First, the kernel uses a special structure to maintain information related to processes, such as the common PID, process state, open file descriptors, etc. In the kernel code, this structure is called task_struct⁴. You can see its general structure in the image below.

task_struct

Generally, we run many processes on the system. Therefore, the kernel uses a process table (actually, there are multiple data structures managing the process table in Linux; here we use the PID Hash Map as an example) to maintain all Process Descriptor-related information, as shown in the image below.

PID Hash Table

OK, now we have a basic understanding of the structure of processes. Let's look at a common scenario involving processes: parent and child processes. We all know that sometimes we create a new process within a process using the fork⁵ system call. Typically, the new process we create is a child process of the current process. So how is this parent-child relationship expressed in the kernel?

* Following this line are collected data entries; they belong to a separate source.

theorem theorem6:
  fixes m :: tlm and T IO S :: "nat \<Rightarrow> nat"
  assumes "wf_tlm m"
    and "tlm_complexity m T IO S"
  shows "\<exists>m' :: bio. wf_bio m' \<and> b_mem m' = t_mem m \<and> bio_simulates m' m \<and>
           bio_trace_bound m' (\<lambda>n. IO n * S n)"
proof -
  have disj: "t_rd m \<inter> t_wr m = {}"
    using assms(1) by (simp add: wf_tlm_def)
  obtain c N where bounds: "\<And>w. valid_input (t_sigma m) w \<Longrightarrow> length w \<ge> N \<Longrightarrow>
      tlm_halts m w \<and> tlm_io m w \<le> c * IO (length w) \<and> tlm_space m w \<le> c * S (length w)"
    using assms(2) unfolding tlm_complexity_def by blast
  have "bio_halts (bio_of_tlm m) w \<and>
      bio_trace (bio_of_tlm m) w \<le> (c * c) * (IO (length w) * S (length w))"
    if "valid_input (t_sigma m) w" "length w \<ge> N" for w
  proof -
    have "bio_trace (bio_of_tlm m) w \<le> (c * IO (length w)) * (c * S (length w))"
      using bio_trace_bio_of_tlm_le[OF disj, of w] bounds[OF that]
      by (meson le_trans mult_le_mono)
    then show ?thesis
      using bounds[OF that] bio_halts_bio_of_tlm[OF disj] by (simp add: algebra_simps)
  qed
  then have "bio_trace_bound (bio_of_tlm m) (\<lambda>n. IO n * S n)"
    unfolding bio_trace_bound_def by auto
  then show ?thesis
    using wf_bio_bio_of_tlm[OF assms(1)] bio_simulates_bio_of_tlm[OF disj] by auto
qed

end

Returning to the previously mentioned task_struct, there are several fields in this structure that describe the parent-child relationship:

real_parent: A task_struct pointer pointing to the parent process.
parent: A task_struct pointer pointing to the parent process. In most cases, the value of this field is consistent with real_parent. However, in cases where a process uses ptrace⁶ on the current process, it may differ from the real_parent field.
children: list_head, which points to a doubly linked list of all child processes created by the current process.

This might still seem a bit abstract, so here’s a diagram to clarify.

Relation Between Process

In fact, we find that the parent-child relationships between different processes reflect a complete tree structure in the specific data structure (keep this in mind; we will refer back to it later).

So far, we have a basic concept of processes in Linux. Next, we will discuss two common issues encountered when using processes: orphan processes and zombie processes.

Orphan Processes & Zombie Processes#

First, let's talk about the concept of zombie processes.

As mentioned earlier, the kernel has a process table to maintain Process Descriptor-related information. In Linux's design, when a child process exits, it retains its process-related state for the parent process to use. The parent process will call waitpid⁷ to obtain the child process's state and clean up related resources.

As stated, the parent process may need to retrieve the child process's state. This leads to the kernel's process table retaining related resources indefinitely. When there are many zombie processes, it can cause significant resource waste.

First, let's look at a simple example of a zombie process.

#include <stdio.h>
#include <sys/types.h>
#include <unistd.h>

int main() {
  int pid;
  if ((pid = fork()) == 0) {
    printf("Here's child process\n");
  } else {
    printf("the child process pid is %d\n", pid);
    sleep(20);
  }
  return 0;
}

Next, we compile and execute this code, then use the ps command to check, and we find that we indeed created a zombie process.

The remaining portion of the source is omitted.